Will County Sets New Record for Heroin Deaths

Will County officials last week noted a sad statistic: the year's 31st fatal heroin overdose exceeded last year's total.

Each year, the death toll from heroin use in Will County has risen. Between 1992 and 1998, the county saw just a single death each year. It's been on the rise ever since, the Joliet Herald News reported. There were five in 1999, 14 in 2000, 15 in 2005 and 26 in 2010.

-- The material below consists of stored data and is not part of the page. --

(* No randomized (adaptive) priority algorithm for one-sided bipartite matching can achieve an approximation ratio better than $\frac{53}{54}$.
   Context: One-sided bipartite matching: the offline side's vertex names are known in advance; each online vertex corresponds to a data item consisting of its name together with its set of offline neighbours; when a data item is received the algorithm must irrevocably match that online vertex to an unmatched neighbour or leave it unmatched; the goal is a maximum-size matching. Adaptive priority model: before each step the algorithm specifies a total ordering $\pi$ of the universe of all possible data items (which may depend on previously received data items and decisions), and receives the remaining data item of the instance that comes first in $\pi$, then decides. A randomized priority algorithm may in addition use random bits in its orderings and decisions; its approximation ratio is $\inf_I \mathbb{E}[v(\mathbb{A},I)]/v(I)$, with $v(I)$ the maximum matching size. *)

theory Defs
  imports "HOL-Probability.Probability"
begin

text \<open>Vertex names are natural numbers (offline and online names live on
different sides, so reusing nat for both is harmless).
A data item is a pair (online name, set of offline neighbours).\<close>

type_synonym item = "nat \<times> nat set"
theorem corollary4p3p5:
  fixes tAA :: "'a::cstar_alg \<Rightarrow> 'a \<Rightarrow> 'aa::cstar_alg"
    and tAAA :: "'aa \<Rightarrow> 'a \<Rightarrow> 'aaa::cvec"
    and D :: "'a \<Rightarrow> 'aa" and e :: "'a \<Rightarrow> complex" and S :: "'a \<Rightarrow> 'a"
    and tAZ :: "'a \<Rightarrow> 'z::cstar_alg \<Rightarrow> 'az::cstar_alg"
    and tAAZ :: "'aa \<Rightarrow> 'z \<Rightarrow> 'aaz::cvec"
    and tZZ :: "'z \<Rightarrow> 'z \<Rightarrow> 'zz::cvec"
    and al :: "'z \<Rightarrow> 'az" and mu :: "'z \<Rightarrow> complex"
  assumes "hopf_star_algebra tAA tAAA D e S"
    and "unitarizable tAA D e"
    and "galois_ext tAA D e tAZ tAAZ tZZ al"
    and "haar_measure tAZ al mu"
    and "positive_functional mu"
  shows "faithful_functional mu"
  unfolding faithful_functional_def
proof (intro allI impI)
  fix y :: 'z
  assume "y \<noteq> 0"
  have comod: "left_comodule tAA D e tAZ tAAZ al"
    using assms(3) by (rule galois_ext_left_comodule)
  have tAZ: "is_tensor tAZ" "tensor_algebra tAZ" and al_mult: "\<And>x y. al (x * y) = al x * al y"
    using assms(3) unfolding galois_ext_def tensor_algebra_def star_hom_def by blast+
  have mu: "clinear mu" "mu 1 = 1"
    using assms(4) unfolding haar_measure_def by blast+
  show "0 < mu (cstar y * y)"
  proof (rule ccontr)
    assume "\<not> 0 < mu (cstar y * y)"
    with assms(5) have "mu (cstar y * y) = 0"
      unfolding positive_functional_def by (metis order_le_less)
    then have null: "mu (p * y) = 0" for p
      by (rule positive_functional_left_null[OF assms(5) mu(1)])
    obtain m b z where indep: "cindep m b" and al_y: "al y = (\<Sum>k<m. tAZ (b k) (z k))"
      using tensor_exists_cindep_left[OF tAZ(1)] by blast
    have "mu (p * z k) = 0" if "k < m" for k p
      by (rule coaction_coeffs_left_null[OF assms(1) comod tAZ(2) al_mult assms(4) null indep
            al_y that])
    then have "y = 0"
      by (rule galois_ext_coaction_left_null_imp_zero[OF assms(3) mu al_y])
    with \<open>y \<noteq> 0\<close> show False ..
  qed
qed

end
lemma paramodular_modular_between:
  assumes "finite Z" "paramodular_on Z p b" "p Z \<le> \<alpha>" "\<alpha> \<le> b Z"
  shows "\<exists>f. sum f Z = \<alpha> \<and> (\<forall>C\<subseteq>Z. p C \<le> sum f C \<and> sum f C \<le> b C)"
proof -
  have p0: "p {} = 0" and b0: "b {} = 0"
    and cross: "\<And>C D. C \<subseteq> Z \<Longrightarrow> D \<subseteq> Z \<Longrightarrow> b (C - D) - p (D - C) \<le> b C - p D"
    using assms(2) unfolding paramodular_on_def by auto
  have complement: "sum f C = sum f Z - sum f (Z - C)" if "C \<subseteq> Z" for f :: "'a \<Rightarrow> real" and C
    using sum.subset_diff[OF that assms(1), of f] by simp
  obtain f1 where f1: "sum f1 Z = b Z" "\<forall>C\<subseteq>Z. sum f1 C \<le> b C"
    using submodular_base_exists[OF assms(1), of b] b0 assms(2) unfolding paramodular_on_def by blast
  obtain h where h: "sum h Z = - p Z" "\<forall>C\<subseteq>Z. sum h C \<le> - p C"
    using submodular_base_exists[OF assms(1), of "\<lambda>C. - p C"] p0 assms(2)
    unfolding paramodular_on_def by auto
  define f2 where "f2 x = - h x" for x
  have f2: "sum f2 C = - sum h C" for C
    unfolding f2_def by (simp add: sum_negf)
  have f1_between: "sum f1 C \<in> {p C..b C}" if "C \<subseteq> Z" for C
  proof -
    have "p (C - Z) = 0" using that p0 by (metis Diff_eq_empty_iff)
    then have "b (Z - C) \<le> b Z - p C"
      using cross[of Z C] that by auto
    moreover have "sum f1 (Z - C) \<le> b (Z - C)" "sum f1 C \<le> b C"
      using f1(2) that by auto
    ultimately show ?thesis
      using complement[OF that, of f1] f1(1) by auto
  qed
  have f2_between: "sum f2 C \<in> {p C..b C}" if "C \<subseteq> Z" for C
  proof -
    have "b (C - Z) = 0" using that b0 by (metis Diff_eq_empty_iff)
    then have "- p (Z - C) \<le> b C - p Z"
      using cross[of C Z] that by auto
    moreover have "sum h (Z - C) \<le> - p (Z - C)" "sum h C \<le> - p C"
      using h(2) that by auto
    ultimately show ?thesis
      using complement[OF that, of h] h(1) f2[of C] by auto
  qed
  have "\<alpha> \<in> closed_segment (p Z) (b Z)"
    using assms(3,4) by (simp add: closed_segment_eq_real_ivl)
  then obtain t where t: "0 \<le> t" "t \<le> 1" "\<alpha> = (1 - t) * p Z + t * b Z"
    unfolding in_segment by auto
  define f where "f x = (1 - t) * f2 x + t * f1 x" for x
  have sum_f: "sum f C = (1 - t) * sum f2 C + t * sum f1 C" for C
    unfolding f_def by (simp add: sum.distrib sum_distrib_left)
  have "sum f Z = \<alpha>"
    using sum_f f1(1) f2 h(1) t(3) by simp
  moreover have "sum f C \<in> {p C..b C}" if "C \<subseteq> Z" for C
    using convexD_alt[OF convex_real_interval(5) f2_between[OF that] f1_between[OF that] t(1,2)]
    by (simp add: sum_f)
  ultimately show ?thesis by auto
qed
(* Let $n\ge2$, $\rho>0$ and $\varpi\in S^{n-1}$. Let ${}^tP(\tau,\xi) = -\tau^2 + \xi\cdot\xi - i\tau\,\xi\cdot\xi$ for $(\tau,\xi)\in\mathbb{C}\times\mathbb{C}^n$, $\widetilde{\zeta^o} = (i\rho^2, i\rho\varpi)$, ${}^tP_o(\zeta) = {}^tP(\zeta+\widetilde{\zeta^o})$ and $\widetilde N = (-1,0,\ldots,0)\in\mathbb{R}\times\mathbb{R}^n$. Let $\sigma(\zeta)$ be a solution of ${}^tP_o(\zeta+\sigma\widetilde N) = 0$, $\zeta = (\tau,\xi)\in\mathbb{C}\times\mathbb{C}^n$. If $\sigma$ is analytic and single-valued in a ball $B\subset\mathbb{C}\times\mathbb{C}^n$ with real center and radius $1$, then $\sup_{\zeta\in B}\operatorname{Im}\sigma(\zeta)\ge0$. *)

theory Defs
  imports "HOL-Analysis.Analysis"
begin

text \<open>Points of C x C^n are pairs (tau, xi) with xi :: complex^'n.
  The norm on the product type is the Euclidean one.\<close>

definition cscale :: "complex \<Rightarrow> complex \<times> (complex^'n) \<Rightarrow> complex \<times> (complex^'n)" where
  "cscale s z = (s * fst z, \<chi> j. s * (snd z $ j))"

text \<open>Bilinear (not Hermitian) dot product on C^n.\<close>
definition cdot :: "complex^'n \<Rightarrow> complex^'n \<Rightarrow> complex" where
  "cdot xi eta = (\<Sum>j\<in>UNIV. xi $ j * eta $ j)"

definition tP :: "complex \<times> (complex^'n) \<Rightarrow> complex" where
  "tP z = - ((fst z)^2) + cdot (snd z) (snd z) - \<i> * fst z * cdot (snd z) (snd z)"

definition zeta_o :: "real \<Rightarrow> real^'n \<Rightarrow> complex \<times> (complex^'n)" where
  "zeta_o \<rho> w = (\<i> * complex_of_real (\<rho>^2), \<chi> j. \<i> * complex_of_real \<rho> * complex_of_real (w $ j))"

definition tP_o :: "real \<Rightarrow> real^'n \<Rightarrow> complex \<times> (complex^'n) \<Rightarrow> complex" where
  "tP_o \<rho> w z = tP (z + zeta_o \<rho> w)"

definition Ntilde :: "complex \<times> (complex^'n)" where
  "Ntilde = (-1, 0)"

definition creal :: "real \<times> (real^'n) \<Rightarrow> complex \<times> (complex^'n)" where
  "creal x = (complex_of_real (fst x), \<chi> j. complex_of_real (snd x $ j))"

definition holo_several :: "(complex \<times> (complex^'n) \<Rightarrow> complex) \<Rightarrow> (complex \<times> (complex^'n)) set \<Rightarrow> bool" where
  "holo_several f S \<longleftrightarrow> (\<forall>z\<in>S. \<exists>D. (f has_derivative D) (at z) \<and> (\<forall>v. D (cscale \<i> v) = \<i> * D v))"

end

theory Submission imports Defs begin

text \<open>Through the real centre \<open>(t, x)\<close> of the ball run the points \<open>(t + \<i>s, x)\<close>, \<open>\<bar>s\<bar> < 1\<close>.
  At such a point \<open>T = t + \<i>s - \<sigma> + \<i>\<rho>\<^sup>2\<close> solves \<open>-T\<^sup>2 + Q - \<i>TQ = 0\<close> with
  \<open>Q = \<xi>\<cdot>\<xi>\<close>, \<open>\<xi> = x + \<i>\<rho>\<varpi>\<close>, and \<open>Re Q = |x|\<^sup>2 - \<rho>\<^sup>2 \<ge> -\<rho>\<^sup>2\<close>. Every root of that
  equation with \<open>Re Q \<ge> -r\<close>, \<open>r \<ge> 0\<close>, has \<open>Im T < 1 + r\<close>, hence \<open>Im \<sigma> > s - 1\<close>, and \<open>s \<rightarrow> 1\<close>
  gives the claim.\<close>

lemma Im_root_lt:
  fixes T Q :: complex and r :: real
  assumes root: "- (T\<^sup>2) + Q - \<i> * T * Q = 0" and "Re Q \<ge> - r" and "r \<ge> 0"
  shows "Im T < 1 + r"
proof (rule ccontr)
  define u v where "u = Re T" and "v = Im T"
  assume "\<not> Im T < 1 + r"
  then have v: "v \<ge> 1 + r" by (simp add: v_def)
  \<comment> \<open>multiply \<open>Q (1 - \<i>T) = T\<^sup>2\<close> by the conjugate of \<open>1 - \<i>T\<close> and take real parts\<close>
  have "Q * (1 - \<i> * T) = T\<^sup>2" using root by (simp add: algebra_simps)
  then have "Re (Q * (1 - \<i> * T) * cnj (1 - \<i> * T)) = Re (T\<^sup>2 * cnj (1 - \<i> * T))" by simp
  then have key: "Re Q * ((1 + v)\<^sup>2 + u\<^sup>2) = u\<^sup>2 * (1 - v) - v\<^sup>2 * (1 + v)"
    by (simp add: u_def v_def power2_eq_square algebra_simps)
  have "- r * ((1 + v)\<^sup>2 + u\<^sup>2) \<le> Re Q * ((1 + v)\<^sup>2 + u\<^sup>2)"
    using assms(2) by (intro mult_right_mono) auto
  also have "\<dots> \<le> - r * u\<^sup>2 - v\<^sup>2 * (1 + v)"
  proof -
    have "u\<^sup>2 * (1 + r) \<le> u\<^sup>2 * v" using v by (intro mult_left_mono) simp_all
    then show ?thesis unfolding key by (simp add: algebra_simps)
  qed
  finally have "v\<^sup>2 * (1 + v) \<le> r * (1 + v) * (1 + v)"
    by (simp add: algebra_simps power2_eq_square)
  then have "v\<^sup>2 \<le> r * (1 + v)"
    using v \<open>r \<ge> 0\<close> by (simp add: mult_le_cancel_right)
  moreover have "r * (1 + v) < v * v"
  proof -
    have "(1 + r) * v \<le> v * v" using v \<open>r \<ge> 0\<close> by (intro mult_right_mono) simp_all
    then show ?thesis using v by (simp add: algebra_simps)
  qed
  ultimately show False by (simp add: power2_eq_square)
qed

lemma Re_cdot_self_ge: "Re (cdot X X) \<ge> - (\<Sum>j\<in>UNIV. (Im (X $ j))\<^sup>2)"
proof -
  have "Re (cdot X X) = (\<Sum>j\<in>UNIV. (Re (X $ j))\<^sup>2) - (\<Sum>j\<in>UNIV. (Im (X $ j))\<^sup>2)"
    by (simp add: cdot_def Re_sum sum_subtractf power2_eq_square)
  then show ?thesis by (simp add: sum_nonneg)
qed

lemma tP_o_shift_Ntilde:
  "tP_o \<rho> w (z + cscale s Ntilde) =
     tP (fst z - s + \<i> * complex_of_real (\<rho>\<^sup>2),
         \<chi> j. snd z $ j + \<i> * complex_of_real \<rho> * complex_of_real (w $ j))"
  unfolding tP_o_def cscale_def Ntilde_def zeta_o_def
  by (intro arg_cong[where f = tP]) (simp add: prod_eq_iff vec_eq_iff algebra_simps)

lemma Im_gt_of_tP_o_root:
  fixes x w :: "real^'n"
  assumes "norm w = 1"
    and "tP_o \<rho> w ((\<tau>, \<chi> j. complex_of_real (x $ j)) + cscale s Ntilde) = 0"
  shows "Im s > Im \<tau> - 1"
proof -
  define X :: "complex^'n"
    where "X = (\<chi> j. complex_of_real (x $ j) + \<i> * complex_of_real \<rho> * complex_of_real (w $ j))"
  define T where "T = \<tau> - s + \<i> * complex_of_real (\<rho>\<^sup>2)"
  have "(\<Sum>j\<in>UNIV. (Im (X $ j))\<^sup>2) = \<rho>\<^sup>2 * (norm w)\<^sup>2"
    by (simp add: X_def norm_vec_def L2_set_def sum_nonneg power_mult_distrib sum_distrib_left)
  then have "Re (cdot X X) \<ge> - (\<rho>\<^sup>2)"
    using Re_cdot_self_ge[of X] assms(1) by simp
  moreover have "tP (T, X) = 0"
    using assms(2) tP_o_shift_Ntilde[of \<rho> w "(\<tau>, \<chi> j. complex_of_real (x $ j))" s]
    by (simp add: T_def X_def)
  ultimately have "Im T < 1 + \<rho>\<^sup>2"
    by (intro Im_root_lt) (simp_all add: tP_def)
  then show ?thesis by (simp add: T_def)
qed

lemma dist_creal_imag_shift:
  "dist (creal (t, x)) (complex_of_real t + \<i> * complex_of_real s, \<chi> j. complex_of_real (x $ j))
    = \<bar>s\<bar>"
proof -
  have "creal (t, x) - (complex_of_real t + \<i> * complex_of_real s, \<chi> j. complex_of_real (x $ j))
      = (- (\<i> * complex_of_real s), 0)"
    by (simp add: creal_def)
  then show ?thesis by (simp add: dist_norm norm_Pair norm_mult)
qed

lemma ereal_SUP_nonneg_approx:
  assumes "\<And>e. e > 0 \<Longrightarrow> \<exists>a\<in>A. f a > - e"
  shows "(SUP a\<in>A. ereal (f a)) \<ge> 0"
proof (rule ereal_le_epsilon2)
  fix e :: real
  assume "e > 0"
  then obtain a where "a \<in> A" "f a > - e" using assms by blast
  then have "ereal (- e) \<le> (SUP a\<in>A. ereal (f a))"
    by (intro SUP_upper2[of a]) auto
  then show "0 \<le> (SUP a\<in>A. ereal (f a)) + ereal e"
    by (cases "SUP a\<in>A. ereal (f a)") auto
qed

theorem lemma2:
  fixes \<rho> :: real and w :: "real^'n" and c :: "real \<times> (real^'n)"
    and \<sigma> :: "complex \<times> (complex^'n) \<Rightarrow> complex"
  assumes "CARD('n) \<ge> 2"
    and "\<rho> > 0"
    and "norm w = 1"
    and "holo_several \<sigma> (ball (creal c) 1)"
    and "\<forall>z\<in>ball (creal c) 1. tP_o \<rho> w (z + cscale (\<sigma> z) Ntilde) = 0"
  shows "(SUP z\<in>ball (creal c) 1. ereal (Im (\<sigma> z))) \<ge> 0"
proof (rule ereal_SUP_nonneg_approx)
  fix e :: real
  assume "e > 0"
  obtain t x where c: "c = (t, x)" by (cases c)
  define s where "s = max 0 (1 - e)"
  define z where "z = (complex_of_real t + \<i> * complex_of_real s, \<chi> j. complex_of_real (x $ j))"
  have "\<bar>s\<bar> < 1" and "s - 1 \<ge> - e" using \<open>e > 0\<close> by (auto simp: s_def)
  then have z_in_ball: "z \<in> ball (creal c) 1"
    using dist_creal_imag_shift[of t x s] by (simp add: z_def c)
  then have "tP_o \<rho> w (z + cscale (\<sigma> z) Ntilde) = 0" using assms(5) by blast
  from Im_gt_of_tP_o_root[OF assms(3) this[unfolded z_def]]
  have "Im (\<sigma> z) > s - 1" by (simp add: z_def)
  then show "\<exists>z\<in>ball (creal c) 1. Im (\<sigma> z) > - e"
    using \<open>s - 1 \<ge> - e\<close> z_in_ball by force
qed

end
lemma smooth_on_scaleR:
  fixes a :: "'a::real_normed_vector \<Rightarrow> real" and f :: "'a \<Rightarrow> 'b::real_normed_vector"
  assumes "smooth_on S a" and "smooth_on S f"
  shows "smooth_on S (\<lambda>x. a x *\<^sub>R f x)"
proof -
  define P where "P g \<longleftrightarrow> (\<exists>a f. smooth_on S a \<and> smooth_on S f \<and> g = (\<lambda>x. a x *\<^sub>R f x))"
    for g :: "'a \<Rightarrow> 'b"
  show ?thesis
  proof (rule smooth_on_coinduct_sums[where P=P])
    fix g assume "P g"
    then obtain a f where a: "smooth_on S a" and f: "smooth_on S f" and g: "g = (\<lambda>x. a x *\<^sub>R f x)"
      by (auto simp: P_def)
    obtain Ga where Ga: "\<And>x. x \<in> S \<Longrightarrow> (a has_derivative Ga x) (at x)" "\<And>v. smooth_on S (\<lambda>x. Ga x v)"
      using smooth_on_derivative[OF a] by blast
    obtain Gf where Gf: "\<And>x. x \<in> S \<Longrightarrow> (f has_derivative Gf x) (at x)" "\<And>v. smooth_on S (\<lambda>x. Gf x v)"
      using smooth_on_derivative[OF f] by blast
    show "derivative_in_sums S P g"
      unfolding derivative_in_sums_def
    proof (intro exI[of _ "\<lambda>x v. a x *\<^sub>R Gf x v + Ga x v *\<^sub>R f x"] conjI ballI allI)
      fix x assume "x \<in> S"
      then show "(g has_derivative (\<lambda>v. a x *\<^sub>R Gf x v + Ga x v *\<^sub>R f x)) (at x)"
        unfolding g using Ga Gf by (auto intro: has_derivative_scaleR)
    next
      fix v
      have "list_all P [\<lambda>x. a x *\<^sub>R Gf x v, \<lambda>x. Ga x v *\<^sub>R f x]"
        unfolding P_def using a f Ga(2) Gf(2) by auto
      then show "\<exists>ks. list_all P ks \<and> (\<forall>x\<in>S. a x *\<^sub>R Gf x v + Ga x v *\<^sub>R f x = (\<Sum>k\<leftarrow>ks. k x))"
        by (intro exI[of _ "[\<lambda>x. a x *\<^sub>R Gf x v, \<lambda>x. Ga x v *\<^sub>R f x]"]) simp
    qed
  qed (use assms smooth_on_open in \<open>auto simp: P_def\<close>)
qed

lemma smooth_on_mult:
  fixes a b :: "'a::real_normed_vector \<Rightarrow> real"
  shows "smooth_on S a \<Longrightarrow> smooth_on S b \<Longrightarrow> smooth_on S (\<lambda>x. a x * b x)"
  using smooth_on_scaleR[of S a b] by simp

Coroner Patrick K. O’Neil said toxicology reports are still pending on a number of deaths and said he fears the number by year's end could reach 50.

O'Neil's observations appear to echo what Roosevelt University researchers concluded in a report two years ago: heroin use in the Chicago area has steadily increased and may be more prevalent here than anywhere else in the country.

Between 1998 and 2008, the number of Illinois residents treated for heroin abuse skyrocketed from about 4,000 to over 17,000, researchers found. The director of the Illinois Consortium on Drug Policy said the number of suburban kids overdosing on heroin more than doubled in two years between 2008 and 2010.

But O'Neil says there's no demographic criteria to what he's seeing. While men are leading women 2 to 1, victims have included whites, blacks and Hispanics ranging in age from 18 to 65.

Only traffic accidents caused more unnatural deaths in Will County than heroin last year.